Thursday, September 22, 2011

Futureproofing Vancouver: Prison Garde + Eames


Though he's only been in Vancouver for two years, for me, Prison Garde is the epitome of the city's current inspiringly wide-open outlook on dance music.  He defines what Vancouver's club music should be like: witnessing one of his live sets -- particularly in the past year -- is to witness an hour plus of unfiltered, unleaded, unpretentious dance music: drums, bass, synths, all hitting the right places at exactly the right moments.  On the one hand it's almost simplistic, on the other hand it's bewilderingly genius.  He's produced as part of the outfit Megasoid and formerly as Sixtoo, with a long and storied history in his hometown of Montreal, but his material as Prison Garde might be his best yet.  With roots in hip-hop, his sound has been moving all over the place in the past year, and the free album he released just prior to this year's Bass Coast festival -- Systeme Hermes Vol. 1 (which I reviewed for FACT Magazine) -- is an excellent showcase for his diversification, spanning BPMs from 74 to 150.  House, hip-hop, dubstep, techno, whatever, you name it and it's probably swimming somewhere in the Prison Garde stream.   (He also runs the Catalog Gallery in Vancouver's Gastown neighbourhood.)

Then there's his recent partner in crime, Eames, aka Kevin Ehman.  Ehman as a DJ is maybe a bit more of a house head but shares the same appreciation for both hip-hop and a wide swathe of dance music.  A mainstay in Victoria's bustling scene (soon to be profiled via Victoria kingpin Chris Longshanks) for the past year, he recently relocated to Vancouver and has used the opportunity to maximize his collaborations with Squire, and the result is a wealth of tracks under the name Garde + Eames, subtle but devastatingly effective tracks that pull bits and pieces from each producer's musical personality and turn them into streamlined, purified slabs of silky seduction.



The one thing that defines their current sound is hardware; hardware, hardware, and more hardware. The duo are currently working on a practical way to have a completely hardware livePA -- no computers, no digital --  and you can tell from the mix they've provided here.  Part of the reasons these tracks sound so confident and streamlined is because this is no-bullshit stuff: like I said before, drums, synths, basslines.  Crisp hi-hats, lush chords, pulverizing kicks, everything in hi-fidelity for maximum impact.  There's something almost melancholic about these tunes: they're no holds-barred but they're utterly classy and restrained, not giving into the dumbed-down dancefloor dynamics (or lack thereof) that the duo openly decry in the interview below.  Smart, sexy, and sleek, this is vintage dance music for the future, and it's honestly some of the most exciting Vancouver has to offer.  If you like any of the California abstract hip-hop scene, any of the London/Bristol house axis currently on the rise, or any of Berlin's bass music flirtations -- you get the idea -- you need to hear this mix, the West Coast's take on it all that stands up just as well to the likes of any big name UK megastar you can think of.
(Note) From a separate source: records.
theorem theorem7p2:
  fixes p :: "nat \<Rightarrow> real \<Rightarrow> real" and R :: "(nat \<times> nat) set" and n :: nat and \<epsilon> :: real
  assumes "special_sequence p"
    and "tournament n R"
    and "\<epsilon> > 0"
  shows "\<exists>f :: nat \<Rightarrow> real \<Rightarrow> real.
           (\<forall>i\<in>{1..n}. f i \<in> homG0)
         \<and> (\<forall>i\<in>{1..n}. (SUP t\<in>{-1..1}. \<bar>f i t - oint (\<lambda>s. 1 + p i s) 0 t\<bar>) < \<epsilon>)
         \<and> (\<forall>i\<in>{1..n}. \<forall>t\<in>{-1..1}. \<exists>d. (f i has_real_derivative d) (at t within {-1..1})
                                          \<and> 1/3 < d \<and> d < 3)
         \<and> (\<forall>i\<in>{1..n}. \<forall>j\<in>{1..n}. i \<noteq> j \<longrightarrow>
               ((f j \<circ> inv_into {-1..1} (f i)) \<in> homGplus \<longleftrightarrow> (i, j) \<in> R))"
proof -
  let ?h = "tournament_correction p R n" and ?q = "\<lambda>i s. 1 + p i s"
  obtain h' B where h': "\<And>i. C1_vanishing_at_ends (?h i) (h' i)" and "1 \<le> B"
    and B: "\<And>i t. i \<in> {1..n} \<Longrightarrow> t \<in> {-1..1} \<Longrightarrow> \<bar>?h i t\<bar> \<le> B \<and> \<bar>h' i t\<bar> \<le> B"
    and I: "\<And>i j. i \<in> {1..n} \<Longrightarrow> j \<in> {1..n} \<Longrightarrow>
       \<bar>integral {-1..1} (\<lambda>t. h' i t * ?h j t)\<bar> \<le> B * 2 * B"
    using tournament_correction_bounded[OF assms(1)] by blast
  obtain \<delta> where \<delta>: "0 < \<delta>" "\<delta> * B < \<epsilon>" "\<delta> * B \<le> 1/12" "\<delta> * (B * 2 * B) < 1"
    using small_perturbation_scale[OF assms(3) \<open>1 \<le> B\<close>] by blast
  define f where "f i = perturbed_primitive (?q i) \<delta> (?h i)" for i
  have \<delta>h: "\<bar>\<delta> * ?h i t\<bar> \<le> \<delta> * B" "\<bar>\<delta> * h' i t\<bar> \<le> 1/12"
    if "i \<in> {1..n}" "t \<in> {-1..1}" for i t
  proof -
    have "\<bar>\<delta> * ?h i t\<bar> \<le> \<delta> * B" "\<bar>\<delta> * h' i t\<bar> \<le> \<delta> * B"
      using B[OF that] \<delta>(1) by (simp_all add: abs_mult mult_left_mono)
    then show "\<bar>\<delta> * ?h i t\<bar> \<le> \<delta> * B" "\<bar>\<delta> * h' i t\<bar> \<le> 1/12" using \<delta>(3) by linarith+
  qed
  have q: "symmetric_density (?q i)" if "i \<in> {1..n}" for i
    using special_sequence_symmetric_density[OF assms(1)] that by simp
  have f: "f i \<in> homG0" "\<And>t. t \<in> {-1..1} \<Longrightarrow> (f i has_real_derivative ?q i t + \<delta> * h' i t)
      (at t within {-1..1}) \<and> 1/3 < ?q i t + \<delta> * h' i t \<and> ?q i t + \<delta> * h' i t < 3"
    if "i \<in> {1..n}" for i
    unfolding f_def using that perturbed_special_primitive[OF assms(1) _ h'[of i]
        tournament_correction_has_integral_0[OF assms(1)] \<delta>h(2)[OF that]] by auto
  have "\<delta> * \<bar>integral {-1..1} (\<lambda>t. h' i t * ?h j t)\<bar> < 1" if "i \<in> {1..n}" "j \<in> {1..n}" for i j
    using mult_left_mono[OF I[OF that] less_imp_le[OF \<delta>(1)]] \<delta>(4) by linarith
  then have "f j \<circ> inv_into {-1..1} (f i) \<in> homGplus \<longleftrightarrow> (i, j) \<in> R"
    if "i \<in> {1..n}" "j \<in> {1..n}" "i \<noteq> j" for i j
    using tournament_perturbation_in_homGplus_iff[OF assms(1,2) that h'[of i] h'[of j] _ _ \<delta>(1)]
      f(1)[of i] f(1)[of j] that unfolding f_def homG0_def by blast
  moreover have "(SUP t\<in>{-1..1}. \<bar>f i t - oint (?q i) 0 t\<bar>) < \<epsilon>" if "i \<in> {1..n}" for i
    unfolding f_def
    by (rule SUP_dist_oint_perturbed_primitive_less[OF q[OF that] _ \<delta>(2)]) (rule \<delta>h(1)[OF that])
  ultimately show ?thesis
    using f by (intro exI[of _ f]) blast
qed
GARDE + EAMES - FUTUREPROOFING MIX



DOWNLOAD [MEDIAFIRE]


RYCE: How did you two meet?

Garde: Kevin and I met in Montreal through mutual friends of ours. We had both spent some time there, and then both coincidentally ended up on the west coast. Him in Victoria, me and Vancouver. It was about four months after I came that that Kevin decided to move to Vancouver, and we’ve been working together ever since.

Eames: I met Rob in Montreal, and when I was moving back to Victoria he had already taught me a bunch of stuff that I was trying to develop.  I figured Victoria would be a middle ground “somewhere else,” and so when I moved here -- sort of inevitable at that point --  I had a bunch of synths and my apartment’s not big enough, so it really made sense to put them here [Prison Garde’s gallery].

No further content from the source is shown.